2025/02/03 16:12:26 [crit] 1681892#1681892: *258000 pwrite() "/var/lib/nginx/body/0000028755" failed (28: No space left on device), client: 10.192.32.77, server: , request: "PATCH /v2/amd-pytorch25/blobs/uploads/76cb4e62-4797-45a7-8070-c6507ee42786 [..] HTTP/1.1", host: "docker-registry.discovery.wmnet"

2025/02/03 18:34:10 [crit] 1681892#1681892: *263888 pwrite() "/var/lib/nginx/body/0000029058" failed (28: No space left on device), client: 10.192.32.77, server: , request: "PATCH /v2/amd-pytorch25/blobs/uploads/25790deb-12f8-42d9-b2a9-4298f222857c? [..]  HTTP/1.1", host: "docker-registry.discovery.wmnet"

2025/02/03 22:58:56 [crit] 1681892#1681892: *280160 pwrite() "/var/lib/nginx/body/0000029582" failed (28: No space left on device), client: 10.192.32.77, server: , request: "PATCH /v2/amd-pytorch25/blobs/uploads/8246894d-7255-496e-a739-949dd1e9f13b [..] HTTP/1.1", host: "docker-registry.discovery.wmnet"

Background: the Docker registry hosts run nginx as TLS terminator. It runs with a tmpfs 4G partition, that holds /var/lib/nginx. This means that when we try to upload a Docker image layer to the registry, it gets temporarily stored under /var/lib/nginx until all the bytes are uploaded by the client, to be then proxyed over to the Registry's daemon.

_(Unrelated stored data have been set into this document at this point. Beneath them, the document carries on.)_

lemma x1_coefficients:
  obtains \<alpha> \<beta> where "\<forall>x. \<sigma> x 1 = \<sigma> (x(1 := 0)) 1 + \<alpha> * x 1"
    and "\<forall>x. \<sigma> x 2 = \<sigma> (x(1 := 0)) 2 + \<beta> * x 1"
    and "c 2 < c 1 \<longrightarrow> \<beta> = 0" and "\<alpha> * \<beta> = 0"
proof -
  obtain \<alpha> where \<alpha>: "\<forall>x. \<sigma> x 1 = \<sigma> (x(1 := 0)) 1 + \<alpha> * x 1"
    using wt_hom_poly_affine_in_var[OF sigma_component[of 1]] pos by auto
  obtain \<beta> where \<beta>: "\<forall>x. \<sigma> x 2 = \<sigma> (x(1 := 0)) 2 + \<beta> * x 1" and "c 2 < c 1 \<longrightarrow> \<beta> = 0"
    using wt_hom_poly_affine_in_var[OF sigma_component[of 2], of 1] pos c12 by auto
  moreover have "\<alpha> * \<beta> = 0"
  proof -
    let ?e = "(\<lambda>_ :: nat. 0 :: complex)(1 := 1)"
    have e_cone: "?e \<in> cone_pts {1,2,3,4}"
      unfolding cone_pts_def by simp
    have "g1 ?e = 0"
      using pos by (intro wt_hom_poly_vanishes[OF g1]) auto
    moreover have e0: "?e(1 := 0) = (\<lambda>_. 0)"
      by (simp add: fun_eq_iff)
    moreover have "g2 (\<sigma> ?e) = 0"
    proof -
      have "g2 (\<sigma> ?e) = g2 (\<sigma> (?e(1 := 0)))"
        by (rule g2_sigma_indep_x1[symmetric])
      also have "\<dots> = 0"
        unfolding e0 using pos by (intro wt_hom_poly_vanishes[OF g2]) (auto simp: sigma_at_zero)
      finally show ?thesis .
    qed
    moreover have "\<sigma> ?e 1 = \<alpha>" and "\<sigma> ?e 2 = \<beta>"
      using \<alpha>[rule_format, of ?e] \<beta>[rule_format, of ?e] e0 sigma_at_zero by simp_all
    ultimately show ?thesis
      using iso[rule_format, OF e_cone] by simp
  qed
  ultimately show ?thesis
    using \<alpha> that by blast
qed

lemma hypersurface_iso_swap_12:
  assumes "c 1 = c 2"
  shows "hypersurface_iso c g1 g2 (\<lambda>x. \<sigma> x \<circ> Transposition.transpose 1 2)"
proof
  show "wps_aut {1,2,3,4} c (\<lambda>x. \<sigma> x \<circ> Transposition.transpose 1 2)"
    using assms by (intro wps_aut_permute[OF aut]) (auto simp: transpose_def)
  show "\<forall>x\<in>cone_pts {1,2,3,4}. (x 1 * x 2 + g1 x = 0) \<longleftrightarrow>
      (\<sigma> x \<circ> Transposition.transpose 1 2) 1 * (\<sigma> x \<circ> Transposition.transpose 1 2) 2
        + g2 (\<sigma> x \<circ> Transposition.transpose 1 2) = 0"
  proof
    fix x assume "x \<in> cone_pts {1,2,3,4}"
    moreover have "g2 (\<sigma> x \<circ> Transposition.transpose 1 2) = g2 (\<sigma> x)"
      by (rule wt_hom_poly_cong[OF g2]) auto
    ultimately show "(x 1 * x 2 + g1 x = 0) \<longleftrightarrow>
      (\<sigma> x \<circ> Transposition.transpose 1 2) 1 * (\<sigma> x \<circ> Transposition.transpose 1 2) 2
        + g2 (\<sigma> x \<circ> Transposition.transpose 1 2) = 0"
      using iso by (simp add: mult.commute)
  qed
qed (use pos c12 c13 c14 g1 g2 in auto)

In T359067 we worked a lot to accomodate the ML use case: the Pytorch base images need a lot of python packages, carrying AMD GPU .so libs that occupy a lot of space. We used to have 2GB of space for /var/lib/nginx, and in that task we increased it to 4GB (the actual limit). Please note that a Docker image layer is compressed before being sent to the registry, so we are limiting to 4GB the max compressed layer size.

What I think it happened is that I kicked off a build, that caused the /var/lib/nginx dir to be almost filled, and anything else trying to upload at the same time caused a complete fill up, forcing nginx to return errors (hence dockerd on build2001 getting a 500).

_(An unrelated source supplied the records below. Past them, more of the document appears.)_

lemma rn_field_eq_sum_net_flux:
  assumes "finite E" "finite T" "source_complexes E \<subseteq> T"
  shows "rn_field E K x = (\<Sum>s\<in>T. monom x s *\<^sub>R net_flux E K s)"
proof -
  have "rn_field E K x
      = (\<Sum>s\<in>T. \<Sum>e\<in>{e\<in>E. fst e = s}. (K e * monom x (fst e)) *\<^sub>R (snd e - fst e))"
    unfolding rn_field_def using assms
    by (intro sum.group[symmetric]) (auto simp: source_complexes_def)
  also have "\<dots> = (\<Sum>s\<in>T. monom x s *\<^sub>R net_flux E K s)"
    unfolding net_flux_def scaleR_sum_right by (intro sum.cong refl) (auto simp: mult.commute)
  finally show ?thesis .
qed

lemma rn_field_eq_iff_net_flux_eq:
  fixes E1 E2 :: "'d::finite edge set"
  assumes "finite E1" "finite E2"
  shows "(\<forall>x\<in>nonneg_orthant. rn_field E1 K1 x = rn_field E2 K2 x) \<longleftrightarrow>
    (\<forall>s\<in>source_complexes E1 \<union> source_complexes E2. net_flux E1 K1 s = net_flux E2 K2 s)"
proof -
  define T where "T = source_complexes E1 \<union> source_complexes E2"
  have "finite T" unfolding T_def source_complexes_def using assms by simp
  have diff: "rn_field E1 K1 x - rn_field E2 K2 x
      = (\<Sum>s\<in>T. monom x s *\<^sub>R (net_flux E1 K1 s - net_flux E2 K2 s))" for x
    using rn_field_eq_sum_net_flux[OF assms(1) \<open>finite T\<close>, of K1 x]
      rn_field_eq_sum_net_flux[OF assms(2) \<open>finite T\<close>, of K2 x]
    by (simp add: T_def scaleR_diff_right sum_subtractf)
  show ?thesis
  proof
    assume "\<forall>x\<in>nonneg_orthant. rn_field E1 K1 x = rn_field E2 K2 x"
    with diff have "\<forall>x\<in>nonneg_orthant.
        (\<Sum>s\<in>T. monom x s *\<^sub>R (net_flux E1 K1 s - net_flux E2 K2 s)) = 0"
      by (metis right_minus_eq)
    from monom_sum_eq_0_imp_coeffs_eq_0[OF \<open>finite T\<close> this]
    show "\<forall>s\<in>source_complexes E1 \<union> source_complexes E2. net_flux E1 K1 s = net_flux E2 K2 s"
      by (simp add: T_def)
  next
    assume "\<forall>s\<in>source_complexes E1 \<union> source_complexes E2. net_flux E1 K1 s = net_flux E2 K2 s"
    with diff show "\<forall>x\<in>nonneg_orthant. rn_field E1 K1 x = rn_field E2 K2 x"
      by (simp add: T_def)
  qed
qed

I need to double check with @Scott_French the timings but I am almost sure that this is what is happening.

Next steps:

  • The obvious/easy next step would be to bump the registry's VM allocated RAM and the tmpfs partition too, but this would have the consequence of allowing even bigger images and we cannot really go ahead like this forever. It is surely an extreme measure that we can apply in case of real trouble, but we can hold off for the moment, see next steps.
  • Narrow down the Docker images/layers that are problematic. One is surely amd-pytorch25, so I'll follow up with ML, but maybe we do have others that need to be checked.

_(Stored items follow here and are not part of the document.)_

(* Let $V_1$ and $V_2$ be disjoint finite nonempty vertex sets with $|V_1|=n_1$, $|V_2|=n_2$, and let $E\subseteq\{\{u,w\}: u\in V_1, w\in V_2\}$ be an arbitrary set of inter-links. Let $s_1,s_2$ be two additional vertices (super-nodes), $s_1$ belonging to the first QLAN and $s_2$ to the second. Consider the graph $G_{n_1+1,n_2+1}$ on vertex set $V_1\cup\{s_1\}\cup V_2\cup\{s_2\}$ with edge set $$E\;\cup\;\{\{s_1,s_2\}\}\;\cup\;\{\{v,s_2\}: v\in V_1\}\;\cup\;\{\{w,s_1\}: w\in V_2\},$$ i.e. every client node of one QLAN is connected to its original inter-link neighbours in the other QLAN and to the super-node of the other QLAN, and the two super-nodes are adjacent. Then the $(n_1+n_2+2)$-qubit graph state $|G_{n_1+1,n_2+1}\rangle$ can be transformed by LOCC (single-qubit Pauli measurements on the qubits of $s_1$ and $s_2$ followed by outcome-dependent local unitary corrections on the remaining qubits) into the $(n_1+n_2)$-qubit graph state $|\bar G_{n_1,n_2}\rangle$, where $\bar G_{n_1,n_2}$ is the complement Inter-QLAN: the graph on $V_1\cup V_2$ with edge set $\bar E=\{\{u,w\}: u\in V_1,\ w\in V_2,\ \{u,w\}\notin E\}$. *)

theory Defs
  imports Complex_Main
begin

text \<open>A (unnormalised) pure state on a
finite qubit set W is a function from computational basis states to amplitudes;
a basis state is encoded by the set S \<subseteq> W of qubits in state |1>.
Amplitudes of sets not contained in W are 0.  Edges are 2-element vertex sets.\<close>

type_synonym 'v qstate = "'v set \<Rightarrow> complex"

definition graph_state :: "'v set \<Rightarrow> 'v set set \<Rightarrow> 'v qstate" where
  "graph_state W Ed = (\<lambda>S. if S \<subseteq> W then (-1) ^ card {e \<in> Ed. e \<subseteq> S} else 0)"

datatype pauli = PX | PY | PZ

text \<open>Eigenvector of a Pauli operator; outcome True means eigenvalue +1, False means -1.
  Argument b is the computational basis index (False = |0>, True = |1>).\<close>
fun pauli_eigvec :: "pauli \<Rightarrow> bool \<Rightarrow> bool \<Rightarrow> complex" where
  "pauli_eigvec PZ r b = (if b = r then 0 else 1)"
| "pauli_eigvec PX r b = (if b then (if r then 1 else -1) else 1) / complex_of_real (sqrt 2)"
| "pauli_eigvec PY r b = (if b then (if r then \<i> else - \<i>) else 1) / complex_of_real (sqrt 2)"

text \<open>Projective measurement of the Pauli P on qubit s of a state on W with outcome r:
  the projected state is |e_{P,r}> \<otimes> |phi>; this returns the (unnormalised)
  post-measurement state phi of the remaining qubits W - {s}.\<close>
definition pauli_measure :: "'v set \<Rightarrow> 'v \<Rightarrow> pauli \<Rightarrow> bool \<Rightarrow> 'v qstate \<Rightarrow> 'v qstate" where
  "pauli_measure W s P r \<psi> = (\<lambda>T. if T \<subseteq> W - {s}
      then (\<Sum>c\<in>UNIV. cnj (pauli_eigvec P r c) * \<psi> (if c then insert s T else T))
      else 0)"

text \<open>A single-qubit operator as a 2x2 matrix M out in.\<close>
definition unitary1 :: "(bool \<Rightarrow> bool \<Rightarrow> complex) \<Rightarrow> bool" where
  "unitary1 M \<longleftrightarrow> (\<forall>i j. (\<Sum>k\<in>UNIV. cnj (M k i) * M k j) = (if i = j then 1 else 0))"

definition local_op :: "'v set \<Rightarrow> ('v \<Rightarrow> bool \<Rightarrow> bool \<Rightarrow> complex) \<Rightarrow> 'v qstate \<Rightarrow> 'v qstate" where
  "local_op W U \<psi> = (\<lambda>T. if T \<subseteq> W
      then (\<Sum>S\<in>Pow W. (\<Prod>v\<in>W. U v (v \<in> T) (v \<in> S)) * \<psi> S)
      else 0)"

end

theory Submission
  imports Defs
begin

text \<open>Measure \<open>X\<close> on both super-nodes. The inter-links \<open>E\<close> avoid \<open>s1\<close> and \<open>s2\<close>, so on
  \<open>T \<union> X\<close> with \<open>T \<subseteq> V1 \<union> V2\<close> and \<open>X \<subseteq> {s1, s2}\<close> the amplitude of \<open>|G>\<close> is the \<open>E\<close>-sign
  \<open>k\<close> of \<open>T\<close> times the signs of the edge \<open>s1 s2\<close> and of the two stars, i.e. \<open>k, k q, k p, -k p q\<close>
  with \<open>p = (-1)^|T \<inter> V1|\<close> and \<open>q = (-1)^|T \<inter> V2|\<close>. For outcomes \<open>a, b = \<plusminus>1\<close> the remaining
  amplitude is \<open>k (1 + a q + b p - a b p q) / 2\<close>. Applying the phase \<open>a\<close> to the \<open>|1>\<close>-component of
  every qubit of \<open>V1\<close> and \<open>b\<close> on \<open>V2\<close> turns this into \<open>\<plusminus>k (-1)^(|T \<inter> V1| |T \<inter> V2|)\<close>: the sign
  of the complete bipartite graph between \<open>V1\<close> and \<open>V2\<close> times that of \<open>E\<close>, which is the sign
  of the complement graph state.\<close>

definition pauli_eigenvalue :: "bool \<Rightarrow> complex" where
  "pauli_eigenvalue r = (if r then 1 else -1)"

Added also a graph to the Registry's dashboard to quickly monitor what's happening:

Screenshot From 2025-02-04 10-23-20.png (964×1 px, 147 KB)

After chatting with @elukey, our current status is that:

  • this will happen again, so lookout for other builds being uploaded at the same time
  • find images with problematic layers

I checked the compressed image size for the updated amd-pytorch25 it now is 4.1 GB in total. (related patch from last week)
I don't know about the layer sizes, but it is indeed growing. The previous one was 3.8GB when compressed.

4,1G Feb  4 12:17 torch25.gz

Shall I revert that patch until we figure something better out?

The image was uploaded (https://docker-registry.wikimedia.org/amd-pytorch25/tags/ but I think we are getting really close to the limit. We could temporarily avoid to rebuild pytorch images weekly, so we are on the safe side.

Mentioned in SAL (#wikimedia-operations) [2025-02-04T12:04:51Z] <elukey> manually dropped 2.5.1rocm6.2-1-20250202 on build2001 - T385531

The image was uploaded (https://docker-registry.wikimedia.org/amd-pytorch25/tags/ but I think we are getting really close to the limit. We could temporarily avoid to rebuild pytorch images weekly, so we are on the safe side.

Correction - the last tag/version, 2.5.1rocm6.2-1, caused the tmpfs partition to fill up and nginx to return 500s. I reverted Ilias' patch, removed the 2.5.1rocm6.2-1 image (docker image rmi) from build2001 and re-ran build-production-images that completed successfully.

Summary: the main issue seemed to be the pytorch base image crossing the 4GB max compressed Docker layer size, it was reverted and cleaned up on build2001. As far as I can see all is good now, pending confirmation from Scott :)

Thank you all! I can confirm the 8.1.34-1-20250203 images are now present in the registry, so this seems to have succeeded on a subsequent build attempt :)

Just one note timing-wise:

I did check processes on build2001 before starting my builds around 20:30, and I didn't see anything running at the time (I might have missed something, though!). You can also see a gap in the dockerd journal between between ~ 18:30 and 20:30, which also suggests nothing was happening.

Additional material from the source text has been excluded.